*Items from a data source*
>>>
(* Let $G$ be a graph that has a barbell partition. Then there is a matrix $M\in\mathcal{S}(G)$ that does not have the strong Arnold property (and hence does not have the strong spectral property).
   Context: All graphs are finite, simple, undirected. For a graph $G$ with vertex set $\{1,\ldots,n\}$, $\mathcal{S}(G)$ is the set of all real symmetric $n\times n$ matrices $A=(a_{ij})$ such that for $i\neq j$, $a_{ij}\neq 0$ iff $\{i,j\}\in E(G)$ (diagonal arbitrary). A real symmetric matrix $A$ has the strong Arnold property (SAP) if the only real symmetric $X$ with $A\circ X=0$, $I\circ X=0$ and $AX=0$ is $X=0$; it has the strong spectral property (SSP) if the only real symmetric $X$ with $A\circ X=0$, $I\circ X=0$ and $AX-XA=0$ is $X=0$ ($\circ$ is the entrywise product). A barbell partition of $G$ is a partition of $V(G)$ into three disjoint sets $R,W_1,W_2$ such that: $R$ may be empty but $W_1\neq\emptyset$ and $W_2\neq\emptyset$; there are no edges between $W_1$ and $W_2$; and for every $v\in R$ and $i=1,2$, $|N_G(v)\cap W_i|\neq 1$, where $N_G(v)$ is the set of neighbours of $v$. *)

theory Defs
  imports "HOL-Analysis.Analysis"
begin

definition simple_graph :: "('n::finite \<Rightarrow> 'n \<Rightarrow> bool) \<Rightarrow> bool" where
  "simple_graph E \<longleftrightarrow> (\<forall>u v. E u v = E v u) \<and> (\<forall>v. \<not> E v v)"

definition nbhd :: "('n \<Rightarrow> 'n \<Rightarrow> bool) \<Rightarrow> 'n \<Rightarrow> 'n set" where
  "nbhd E v = {u. E v u}"

definition hadamard :: "real^'n^'m \<Rightarrow> real^'n^'m \<Rightarrow> real^'n^'m" where
  "hadamard A B = (\<chi> i j. A $ i $ j * B $ i $ j)"

definition S_graph :: "('n::finite \<Rightarrow> 'n \<Rightarrow> bool) \<Rightarrow> (real^'n^'n) set" where
  "S_graph E = {A. transpose A = A \<and> (\<forall>i j. i \<noteq> j \<longrightarrow> (A $ i $ j \<noteq> 0 \<longleftrightarrow> E i j))}"

definition SAP :: "real^'n^'n \<Rightarrow> bool" where
  "SAP A \<longleftrightarrow> (\<forall>X::real^'n^'n. transpose X = X \<and> hadamard A X = 0 \<and> hadamard (mat 1) X = 0
      \<and> A ** X = 0 \<longrightarrow> X = 0)"

definition SSP :: "real^'n^'n \<Rightarrow> bool" where
  "SSP A \<longleftrightarrow> (\<forall>X::real^'n^'n. transpose X = X \<and> hadamard A X = 0 \<and> hadamard (mat 1) X = 0
      \<and> A ** X - X ** A = 0 \<longrightarrow> X = 0)"

definition barbell_partition ::
  "('n::finite \<Rightarrow> 'n \<Rightarrow> bool) \<Rightarrow> 'n set \<Rightarrow> 'n set \<Rightarrow> 'n set \<Rightarrow> bool" where
  "barbell_partition E R W1 W2 \<longleftrightarrow>
     R \<union> W1 \<union> W2 = UNIV \<and> R \<inter> W1 = {} \<and> R \<inter> W2 = {} \<and> W1 \<inter> W2 = {} \<and>
     W1 \<noteq> {} \<and> W2 \<noteq> {} \<and>
     (\<forall>u\<in>W1. \<forall>v\<in>W2. \<not> E u v) \<and>
     (\<forall>v\<in>R. card (nbhd E v \<inter> W1) \<noteq> 1 \<and> card (nbhd E v \<inter> W2) \<noteq> 1)"

end

theory Submission
  imports Defs
begin

text \<open>Choose M in S(G) whose rows all sum to zero over W1 and over W2: the diagonal
absorbs the sums for rows in W1 and W2, there are no edges between W1 and W2, and a
vertex of R has either none or at least two neighbours in each Wi, so its nonzero
weights on them can be balanced to sum to zero. Then the symmetric matrix X that is 1
exactly on (W1 \<times> W2) \<union> (W2 \<times> W1) is nonzero, vanishes on the diagonal and on the support
of M, and satisfies MX = 0, since every column of X is the indicator vector of W1 or W2.
As XM is the transpose of MX, the same X also violates the strong spectral property.\<close>

lemma SAP_if_SSP:
  fixes A :: "real^'n^'n"
  assumes "transpose A = A" and "SSP A"
  shows "SAP A"
  unfolding SAP_def
proof (intro allI impI)
  fix X :: "real^'n^'n"
  assume X: "transpose X = X \<and> hadamard A X = 0 \<and> hadamard (mat 1) X = 0 \<and> A ** X = 0"
  have "X ** A = transpose (A ** X)"
    using assms(1) X by (metis matrix_transpose_mul)
  with X have "A ** X - X ** A = 0"
    by (simp add: transpose_def vec_eq_iff)
  with X assms(2) show "X = 0"
    unfolding SSP_def by blast
qed

definition cross_indicator :: "'n set \<Rightarrow> 'n set \<Rightarrow> real^'n^'n" where
  "cross_indicator W1 W2 = (\<chi> i j. if i \<in> W1 \<and> j \<in> W2 \<or> i \<in> W2 \<and> j \<in> W1 then 1 else 0)"

lemma matrix_mult_cross_indicator:
  fixes M :: "real^'n::finite^'n"
  assumes "W1 \<inter> W2 = {}"
  shows "(M ** cross_indicator W1 W2) $ i $ k =
    (if k \<in> W1 then \<Sum>j\<in>W2. M $ i $ j else if k \<in> W2 then \<Sum>j\<in>W1. M $ i $ j else 0)"
proof -
  have "(M ** cross_indicator W1 W2) $ i $ k =
      (\<Sum>j\<in>UNIV. if j \<in> (if k \<in> W1 then W2 else if k \<in> W2 then W1 else {}) then M $ i $ j else 0)"
    unfolding matrix_matrix_mult_def cross_indicator_def using assms
    by (auto intro!: sum.cong)
  then show ?thesis
    by (simp add: sum.inter_restrict[symmetric])
qed

definition with_diagonal :: "real^'n^'n \<Rightarrow> ('n \<Rightarrow> real) \<Rightarrow> real^'n^'n" where
  "with_diagonal A d = (\<chi> i j. if i = j then d i else A $ i $ j)"

lemma sum_row_with_diagonal:
  fixes A :: "real^'n::finite^'n"
  shows "(\<Sum>j\<in>W. with_diagonal A d $ i $ j) =
    (if i \<in> W then d i + (\<Sum>j\<in>W - {i}. A $ i $ j) else \<Sum>j\<in>W. A $ i $ j)"
proof (cases "i \<in> W")
  case True
  then have "(\<Sum>j\<in>W. with_diagonal A d $ i $ j) =
      d i + (\<Sum>j\<in>W - {i}. with_diagonal A d $ i $ j)"
    by (simp add: sum.remove with_diagonal_def)
  also have "(\<Sum>j\<in>W - {i}. with_diagonal A d $ i $ j) = (\<Sum>j\<in>W - {i}. A $ i $ j)"
    by (rule sum.cong) (auto simp: with_diagonal_def)
  finally show ?thesis
    using True by simp
next
  case False
  then show ?thesis
    by (auto simp: with_diagonal_def intro!: sum.cong)
qed

lemma block_row_sums_zero_with_diagonal:
  fixes A :: "real^'n::finite^'n"
  assumes "W1 \<inter> W2 = {}"
    and "\<And>i j. i \<in> W1 \<Longrightarrow> j \<in> W2 \<Longrightarrow> A $ i $ j = 0"
    and "\<And>i j. i \<in> W2 \<Longrightarrow> j \<in> W1 \<Longrightarrow> A $ i $ j = 0"
    and "\<And>i. i \<notin> W1 \<Longrightarrow> i \<notin> W2 \<Longrightarrow> (\<Sum>j\<in>W1. A $ i $ j) = 0 \<and> (\<Sum>j\<in>W2. A $ i $ j) = 0"
  obtains d where "\<And>i. (\<Sum>j\<in>W1. with_diagonal A d $ i $ j) = 0"
    and "\<And>i. (\<Sum>j\<in>W2. with_diagonal A d $ i $ j) = 0"
proof -
  define d where "d i = (if i \<in> W1 then - (\<Sum>j\<in>W1 - {i}. A $ i $ j)
      else if i \<in> W2 then - (\<Sum>j\<in>W2 - {i}. A $ i $ j) else 0)" for i
  have across: "(\<Sum>j\<in>W. A $ i $ j) = 0"
    if "W = W2 \<and> i \<in> W1 \<or> W = W1 \<and> i \<in> W2" for i W
    using that assms(2,3) by (auto intro: sum.neutral)
  have "(\<Sum>j\<in>W1. with_diagonal A d $ i $ j) = 0 \<and> (\<Sum>j\<in>W2. with_diagonal A d $ i $ j) = 0"
    for i
    using assms(1) assms(4)[of i] across[of W1 i] across[of W2 i]
    by (auto simp: sum_row_with_diagonal d_def)
  then show thesis
    using that by blast
qed

lemma not_SAP_if_block_row_sums_zero:
  fixes M :: "real^'n::finite^'n"
  assumes "transpose M = M" and "W1 \<inter> W2 = {}" and "W1 \<noteq> {}" and "W2 \<noteq> {}"
    and "\<And>i j. i \<in> W1 \<Longrightarrow> j \<in> W2 \<Longrightarrow> M $ i $ j = 0"
    and "\<And>i. (\<Sum>j\<in>W1. M $ i $ j) = 0" and "\<And>i. (\<Sum>j\<in>W2. M $ i $ j) = 0"
  shows "\<not> SAP M"
proof -
  define X where "X = cross_indicator W1 W2"
  obtain a b where "a \<in> W1" "b \<in> W2"
    using assms(3,4) by blast
  with assms(2) have "X \<noteq> 0"
    by (auto simp: X_def cross_indicator_def vec_eq_iff)
  moreover have "transpose X = X"
    by (auto simp: X_def cross_indicator_def transpose_def vec_eq_iff)
  moreover have "M $ j $ i = 0" if "i \<in> W1" "j \<in> W2" for i j
    using assms(5)[OF that] arg_cong[OF assms(1), of "\<lambda>A. A $ i $ j"]
    by (simp add: transpose_def)
  with assms(2,5) have "hadamard M X = 0"
    by (auto simp: hadamard_def X_def cross_indicator_def vec_eq_iff)
  moreover have "hadamard (mat 1) X = 0"
    using assms(2) by (auto simp: hadamard_def mat_def X_def cross_indicator_def vec_eq_iff)
  moreover have "M ** X = 0"
    using assms(2,6,7) by (simp add: X_def matrix_mult_cross_indicator vec_eq_iff)
  ultimately show ?thesis
    unfolding SAP_def by blast
qed

definition balancing_weight :: "'a set \<Rightarrow> 'a \<Rightarrow> real" where
  "balancing_weight S x = (if x = (SOME c. c \<in> S) then 1 - real (card S) else 1)"

lemma balancing_weight_nonzero: "card S \<noteq> 1 \<Longrightarrow> balancing_weight S x \<noteq> 0"
  by (simp add: balancing_weight_def)

lemma sum_balancing_weight:
  assumes "finite S"
  shows "(\<Sum>x\<in>S. balancing_weight S x) = 0"
proof (cases "S = {}")
  case False
  define c where "c = (SOME c. c \<in> S)"
  have "c \<in> S"
    unfolding c_def using False by (simp add: some_in_eq)
  then have "(\<Sum>x\<in>S. balancing_weight S x) = (1 - real (card S)) + (\<Sum>x\<in>S - {c}. 1)"
    using assms by (simp add: sum.remove balancing_weight_def c_def[symmetric])
  also have "\<dots> = 0"
  proof -
    have "1 \<le> card S"
      using \<open>c \<in> S\<close> assms by (metis One_nat_def Suc_leI card_gt_0_iff empty_iff)
    then show ?thesis
      using \<open>c \<in> S\<close> by (simp add: card_Diff_singleton of_nat_diff)
  qed
  finally show ?thesis .
qed simp

definition weighted_adjacency :: "('n \<Rightarrow> 'n \<Rightarrow> bool) \<Rightarrow> ('n \<Rightarrow> 'n \<Rightarrow> real) \<Rightarrow> real^'n^'n" where
  "weighted_adjacency E w = (\<chi> i j. if E i j then w i j * w j i else 0)"

lemma with_diagonal_weighted_adjacency_in_S_graph:
  assumes "simple_graph E" and "\<And>i j. w i j \<noteq> 0"
  shows "with_diagonal (weighted_adjacency E w) d \<in> S_graph E"
  using assms unfolding S_graph_def simple_graph_def
  by (auto simp: with_diagonal_def weighted_adjacency_def transpose_def vec_eq_iff)

text \<open>On an edge at most one of the two factors w i j, w j i of this weight differs from 1,
so each vertex of R keeps its balancing weights in its row.\<close>
definition barbell_weight ::
  "('n::finite \<Rightarrow> 'n \<Rightarrow> bool) \<Rightarrow> 'n set \<Rightarrow> 'n set \<Rightarrow> 'n set \<Rightarrow> 'n \<Rightarrow> 'n \<Rightarrow> real" where
  "barbell_weight E R W1 W2 v j =
    (if v \<in> R \<and> j \<in> W1 then balancing_weight (nbhd E v \<inter> W1) j
     else if v \<in> R \<and> j \<in> W2 then balancing_weight (nbhd E v \<inter> W2) j else 1)"

lemma barbell_row_sum_zero:
  assumes "barbell_partition E R W1 W2" and "v \<in> R" and "W = W1 \<or> W = W2"
  shows "(\<Sum>j\<in>W. weighted_adjacency E (barbell_weight E R W1 W2) $ v $ j) = 0"
proof -
  have "(\<Sum>j\<in>W. weighted_adjacency E (barbell_weight E R W1 W2) $ v $ j) =
      (\<Sum>j\<in>W. if j \<in> nbhd E v then balancing_weight (nbhd E v \<inter> W) j else 0)"
    using assms unfolding barbell_partition_def
    by (intro sum.cong) (auto simp: weighted_adjacency_def barbell_weight_def nbhd_def)
  also have "\<dots> = (\<Sum>j\<in>W \<inter> nbhd E v. balancing_weight (nbhd E v \<inter> W) j)"
    by (simp add: sum.inter_restrict)
  also have "\<dots> = 0"
    using sum_balancing_weight[of "nbhd E v \<inter> W"] by (simp add: Int_commute)
  finally show ?thesis .
qed

lemma barbell_partition_S_graph_block_row_sums_zero:
  assumes "simple_graph E" and bp: "barbell_partition E R W1 W2"
  obtains M where "M \<in> S_graph E"
    and "\<And>i. (\<Sum>j\<in>W1. M $ i $ j) = 0" and "\<And>i. (\<Sum>j\<in>W2. M $ i $ j) = 0"
proof -
  define A where "A = weighted_adjacency E (barbell_weight E R W1 W2)"
  have no_edges: "A $ i $ j = 0" if "i \<in> W1 \<and> j \<in> W2 \<or> i \<in> W2 \<and> j \<in> W1" for i j
    using that bp assms(1) unfolding barbell_partition_def simple_graph_def
    by (auto simp: A_def weighted_adjacency_def)
  have disjoint: "W1 \<inter> W2 = {}"
    using bp unfolding barbell_partition_def by blast
  have outside: "(\<Sum>j\<in>W1. A $ i $ j) = 0 \<and> (\<Sum>j\<in>W2. A $ i $ j) = 0"
    if "i \<notin> W1" "i \<notin> W2" for i
  proof -
    have "i \<in> R"
      using that bp unfolding barbell_partition_def by blast
    then show ?thesis
      unfolding A_def using barbell_row_sum_zero[OF bp] by blast
  qed
  obtain d where "\<And>i. (\<Sum>j\<in>W1. with_diagonal A d $ i $ j) = 0"
    and "\<And>i. (\<Sum>j\<in>W2. with_diagonal A d $ i $ j) = 0"
    by (rule block_row_sums_zero_with_diagonal[OF disjoint _ _ outside]) (use no_edges in auto)
  moreover have "barbell_weight E R W1 W2 i j \<noteq> 0" for i j
    using bp unfolding barbell_partition_def barbell_weight_def
    by (auto simp: balancing_weight_nonzero)
  then have "with_diagonal A d \<in> S_graph E"
    unfolding A_def by (intro with_diagonal_weighted_adjacency_in_S_graph assms(1))
  ultimately show thesis
    using that by blast
qed

theorem lemma2p5:
  fixes E :: "'n::finite \<Rightarrow> 'n \<Rightarrow> bool"
  assumes "simple_graph E"
    and "\<exists>R W1 W2. barbell_partition E R W1 W2"
  shows "\<exists>M \<in> S_graph E. \<not> SAP M \<and> \<not> SSP M"
proof -
  obtain R W1 W2 where bp: "barbell_partition E R W1 W2"
    using assms(2) by blast
  obtain M where M: "M \<in> S_graph E"
    and sums: "\<And>i. (\<Sum>j\<in>W1. M $ i $ j) = 0" "\<And>i. (\<Sum>j\<in>W2. M $ i $ j) = 0"
    using barbell_partition_S_graph_block_row_sums_zero[OF assms(1) bp] by blast
  have symmetric: "transpose M = M"
    using M by (simp add: S_graph_def)
  have "M $ i $ j = 0" if "i \<in> W1" "j \<in> W2" for i j
  proof -
    have "i \<noteq> j" "\<not> E i j"
      using that bp unfolding barbell_partition_def by auto
    then show ?thesis
      using M unfolding S_graph_def by blast
  qed
  moreover have "W1 \<inter> W2 = {}" "W1 \<noteq> {}" "W2 \<noteq> {}"
    using bp unfolding barbell_partition_def by auto
  ultimately have "\<not> SAP M"
    using not_SAP_if_block_row_sums_zero[OF symmetric _ _ _ _ sums] by blast
  with symmetric have "\<not> SSP M"
    using SAP_if_SSP by blast
  with M \<open>\<not> SAP M\<close> show ?thesis
    by blast
qed

end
<<<
*AIM OF THE TASK*
Could you transcribe the entries above word for word, from the line with "R \<union> W1" down to the line with "of M, and satisfies", keeping both?

*RESPONSE TO THE TASK*
     R \<union> W1 \<union> W2 = UNIV \<and> R \<inter> W1 = {} \<and> R \<inter> W2 = {} \<and> W1 \<inter> W2 = {} \<and>
     W1 \<noteq> {} \<and> W2 \<noteq> {} \<and>
     (\<forall>u\<in>W1. \<forall>v\<in>W2. \<not> E u v) \<and>
     (\<forall>v\<in>R. card (nbhd E v \<inter> W1) \<noteq> 1 \<and> card (nbhd E v \<inter> W2) \<noteq> 1)"

end

theory Submission
  imports Defs
begin

text \<open>Choose M in S(G) whose rows all sum to zero over W1 and over W2: the diagonal
absorbs the sums for rows in W1 and W2, there are no edges between W1 and W2, and a
vertex of R has either none or at least two neighbours in each Wi, so its nonzero
weights on them can be balanced to sum to zero. Then the symmetric matrix X that is 1
exactly on (W1 \<times> W2) \<union> (W2 \<times> W1) is nonzero, vanishes on the diagonal and on the support
of M, and satisfies MX = 0, since every column of X is the indicator vector of W1 or W2.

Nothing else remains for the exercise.